A good experience at a child’s first trip to the dentist is vitally important in shaping their future behavior at dental visits. When a child’s first time at a dental office is to relieve the pain of a toothache, that can greatly affect their future perceptions of the dentist and produce fear and behavior management issues. Therefore, it is important to make the first appointment for a cleaning and checkup around the child’s third birthday. The days leading up to the first visit should be filled with stories about the fun, exciting trip to the dentist that is coming up. If a parent has a fear of the dentist, they should be careful to not project that fear on to the child. Kids are more perceptive than you think. The parents need to make sure that big brother doesn’t fill the patient with needless horror stories. And they shouldn’t ever say things like “If you don’t behave, I’m going to take you to the dentist.” At our office, we try to make every trip to the dentist a fun adventure with cartoons playing on TV’s in the ceiling, good tasting toothpastes and fluorides, and trips to the treasure chest afterwards. Having a pleasant experience at the first dental will help alleviate apprehension at future dental appointments.

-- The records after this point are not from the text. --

lemma power_prime_poly_cong:
  assumes "prime p"
  shows "poly_cong (int p) F (A ^ p) (\<Sum>j\<le>degree A. monom (coeff A j) (j * p))"
proof -
  obtain C where C: "(\<Sum>j\<le>degree A. monom (coeff A j) j) ^ p
      = (\<Sum>j\<le>degree A. monom (coeff A j) j ^ p) + of_nat p * C"
    using sum_power_prime_eq[OF assms] by blast
  have "A ^ p = (\<Sum>j\<le>degree A. monom (coeff A j ^ p) (j * p)) + smult (int p) C"
    using C by (simp add: poly_as_sum_of_monoms monom_power of_nat_poly)
  also have "poly_cong (int p) F \<dots> (\<Sum>j\<le>degree A. monom (coeff A j ^ p) (j * p))"
    by (rule poly_cong_smult_modulus)
  also have "poly_cong (int p) F \<dots> (\<Sum>j\<le>degree A. monom (coeff A j) (j * p))"
    using assms by (intro poly_cong_sum poly_cong_monom_coeff power_prime_cong_self)
  finally show ?thesis .
qed

lemma frobenius_cong:
  assumes "prime p" and F: "F dvd monom 1 N - 1"
  shows "poly_cong (int p) F (A ^ p) (cyclo_aut N (p mod N) A)"
proof -
  have "poly_cong (int p) F (A ^ p) (\<Sum>j\<le>degree A. monom (coeff A j) (j * p))"
    using assms(1) by (rule power_prime_poly_cong)
  also have "poly_cong (int p) F \<dots> (\<Sum>j\<le>degree A. monom (coeff A j) (j * p mod N))"
    using F by (intro poly_cong_sum poly_cong_monom_mod)
  also have "(\<Sum>j\<le>degree A. monom (coeff A j) (j * p mod N)) = cyclo_aut N (p mod N) A"
    by (simp add: cyclo_aut_def mod_mult_right_eq)
  finally show ?thesis .
qed
definition within :: "party \<Rightarrow> (nat \<Rightarrow> bool) \<Rightarrow> edge \<Rightarrow> bool" where
  "within p M e \<longleftrightarrow> M (input p (fst e)) \<and> M (input p (snd e))"

definition obstructed :: "(edge \<Rightarrow> bool) \<Rightarrow> bool" where
  "obstructed E \<longleftrightarrow>
     (\<forall>q\<in>{Alice, Bob, Carol}. \<exists>(e1, e2, e3)\<in>set (triangles q). E e1 \<and> E e2 \<and> E e3)"

lemma triangles_are_odd:
  "\<forall>q\<in>{Alice, Bob, Carol}. \<forall>(e1, e2, e3)\<in>set (triangles q).
     odd_triangle q (e1, e2, e3) \<and> is_edge e1 \<and> is_edge e2 \<and> is_edge e3"
  by code_simp

(* The splits of {0..<8} into two classes, listed with 0 in the first class. *)
lemma every_split_obstructed:
  "\<forall>p\<in>{Alice, Bob, Carol}. \<forall>S\<in>set (subseqs [1..<8]).
     obstructed (within p (\<lambda>k. k \<in> set (0 # S))) \<or>
     obstructed (within p (\<lambda>k. k < 8 \<and> k \<notin> set (0 # S)))"
  by code_simp

lemma one_bit_protocol_separates:
  assumes "cost P \<le> 1"
  obtains q :: party and m :: "'i \<Rightarrow> bool" where
    "\<And>x y z y' z'. run P x y z \<noteq> run P x y' z' \<Longrightarrow> m (input_of q x y z) \<noteq> m (input_of q x y' z')"
proof (cases P)
  case (Output h)
  then show ?thesis by (intro that[where q = Alice and m = "\<lambda>_. True"]) simp
next
  case (Send q m P0 P1)
  with assms obtain h0 h1 where "P0 = Output h0" "P1 = Output h1"
    by (cases P0; cases P1) simp_all
  with Send show ?thesis by (intro that[where q = q and m = m]) (auto split: if_splits)
qed

fun correct_at :: "nat protocol \<Rightarrow> vertex \<Rightarrow> bool" where
  "correct_at Q (x, y, z) \<longleftrightarrow> run Q x y z = f_word x y"

lemma correct_at_Send:
  assumes "correct_at (Send p m Q0 Q1) v" "m (input p v) = c"
  shows "correct_at (if c then Q1 else Q0) v"
  using assms by (cases v) (auto simp: input_of_def split: party.splits)

lemma one_bit_protocol_fails:
  assumes "cost Q \<le> 1" "obstructed E"
    and correct: "\<And>e. E e \<Longrightarrow> is_edge e \<Longrightarrow> correct_at Q (fst e) \<and> correct_at Q (snd e)"
  shows False
proof -
  obtain q :: party and m :: "nat \<Rightarrow> bool" where sep:
    "\<And>x y z y' z'. run Q x y z \<noteq> run Q x y' z' \<Longrightarrow> m (input_of q x y z) \<noteq> m (input_of q x y' z')"
    using one_bit_protocol_separates[OF assms(1)] by metis
  have separated: "m (input q a) \<noteq> m (input q b)" if "E (a, b)" "is_edge (a, b)" for a b
    using that correct[of "(a, b)"] sep by (cases a; cases b) auto
  have "q \<in> {Alice, Bob, Carol}" by (cases q) simp_all
  with \<open>obstructed E\<close> triangles_are_odd obtain a1 b1 a2 b2 a3 b3 where
    triangle: "odd_triangle q ((a1, b1), (a2, b2), (a3, b3))"
    and in_E: "E (a1, b1)" "E (a2, b2)" "E (a3, b3)"
    and edges: "is_edge (a1, b1)" "is_edge (a2, b2)" "is_edge (a3, b3)"
    unfolding obstructed_def by fastforce
  have "m (input q a1) \<noteq> m (input q b1)" "m (input q a2) \<noteq> m (input q b2)"
    "m (input q a3) \<noteq> m (input q b3)"
    using separated in_E edges by simp_all
  with triangle show False by auto
qed

lemma obstructed_mono: "obstructed E \<Longrightarrow> (\<And>e. E e \<Longrightarrow> E' e) \<Longrightarrow> obstructed E'"
  unfolding obstructed_def by blast

lemma filter_in_subseqs: "filter P xs \<in> set (subseqs xs)"
  by (induction xs) (auto simp: Let_def)

lemma obstructed_class:
  fixes m :: "nat \<Rightarrow> bool"
  obtains c where "obstructed (within p (\<lambda>k. k < 8 \<and> m k = c))"
proof -
  define S where "S = filter (\<lambda>k. m k = m 0) [1..<8]"
  have "p \<in> {Alice, Bob, Carol}" by (cases p) simp_all
  moreover have "S \<in> set (subseqs [1..<8])"
    unfolding S_def by (rule filter_in_subseqs)
  ultimately have "obstructed (within p (\<lambda>k. k \<in> set (0 # S))) \<or>
      obstructed (within p (\<lambda>k. k < 8 \<and> k \<notin> set (0 # S)))"
    using every_split_obstructed by blast
  moreover have "(\<lambda>k. k \<in> set (0 # S)) = (\<lambda>k. k < 8 \<and> m k = m 0)"
    by (auto simp: S_def fun_eq_iff)
  moreover have "(\<lambda>k. k < 8 \<and> k \<notin> set (0 # S)) = (\<lambda>k. k < 8 \<and> m k = (\<not> m 0))"
    by (fastforce simp: S_def fun_eq_iff)
  ultimately show thesis
    by (elim disjE) (simp_all add: that)
qed

lemma two_bit_protocol_fails:
  assumes "cost Q \<le> 2" and correct: "\<And>x y. correct_at Q (x, y, xor x y)"
  shows False
proof -
  have correct_on_edges: "correct_at Q (fst e) \<and> correct_at Q (snd e)" if "is_edge e" for e
    using that correct by (cases e rule: is_edge.cases) simp
  show False
  proof (cases Q)
    case (Output h)
    obtain c where "obstructed (within Alice (\<lambda>k. k < 8 \<and> True = c))"
      by (rule obstructed_class)
    then have "obstructed (\<lambda>_. True)"
      by (rule obstructed_mono) simp
    with Output correct_on_edges show False
      by (intro one_bit_protocol_fails[of Q "\<lambda>_. True"]) simp_all
  next
    case (Send p m Q0 Q1)
    obtain c where side: "obstructed (within p (\<lambda>k. k < 8 \<and> m k = c))"
      by (rule obstructed_class)
    show False
    proof (rule one_bit_protocol_fails[OF _ side])
      show "cost (if c then Q1 else Q0) \<le> 1" using Send assms(1) by simp
    next
      fix e
      assume "within p (\<lambda>k. k < 8 \<and> m k = c) e" "is_edge e"
      then show "correct_at (if c then Q1 else Q0) (fst e) \<and> correct_at (if c then Q1 else Q0) (snd e)"
        using correct_on_edges[of e] correct_at_Send[of p m Q0 Q1 _ c]
        unfolding Send within_def by simp
    qed
  qed
qed

lemma no_two_bit_protocol:
  assumes "cost P \<le> 2" "computes u 3 P"
  shows False
proof -
  define P' where "P' = map_inputs (flip (fst u)) (flip (fst (snd u))) (flip (snd (snd u))) P"
  have "computes (False, False, False) 3 P'"
    unfolding P'_def using assms(2) by (rule computes_flip)
  then have "correct_at (map_inputs word word word P') (x, y, xor x y)" for x y
    using promise_word f_word_eq by (simp add: computes_def run_map_inputs)
  moreover have "cost (map_inputs word word word P') \<le> 2"
    using assms(1) by (simp add: P'_def)
  ultimately show False by (intro two_bit_protocol_fails)
qed

theorem theorem3:
  fixes u :: "bool \<times> bool \<times> bool"
  shows "(\<forall>n\<ge>1. \<exists>P. cost P \<le> 3 \<and> computes u n P)
       \<and> \<not> (\<forall>n\<ge>1. \<exists>P. cost P \<le> 2 \<and> computes u n P)"
proof
  show "\<forall>n\<ge>1. \<exists>P. cost P \<le> 3 \<and> computes u n P"
    using cost_three_bit_protocol computes_three_bit_protocol by (metis order_refl)
  show "\<not> (\<forall>n\<ge>1. \<exists>P. cost P \<le> 2 \<and> computes u n P)"
    using no_two_bit_protocol by (metis one_le_numeral)
qed

end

Children’s Fear of the Dentist

Many factors can contribute to a child’s fear of the dentist. On top of that list is a bad experience at a previous dental appointment. The younger the age, the higher likelihood that a child will have a fear of the dentist. It has even been shown that parents can pass along their own fear of the dentist. Children are very perceptive and can sense that a parent is stressed when talking about a dental visit. I employ a number of techniques to help allay a child’s fear. We have TV’s in the ceiling with cartoons playing which helps distract the child. Just something as simple as using a gentle, friendly voice and a smile can also put the child at ease. The “tell-show-do” technique works great. I tell them about the “water sprayer” that will flush out all of the “cavity bugs”, then I will take the dental hand piece and spray water on their hand so that they can see that there is nothing to fear. Then, for the “do”, I touch the anesthetized tooth which produces a gentle vibration so that they can see that there is no pain. And speaking of the numbing process, they are never shown the needle. They just get a little “pinch” to put the tooth to sleep. By employing just a few simple techniques can greatly reduce a child’s fear of the dentist and make it a pleasant experience.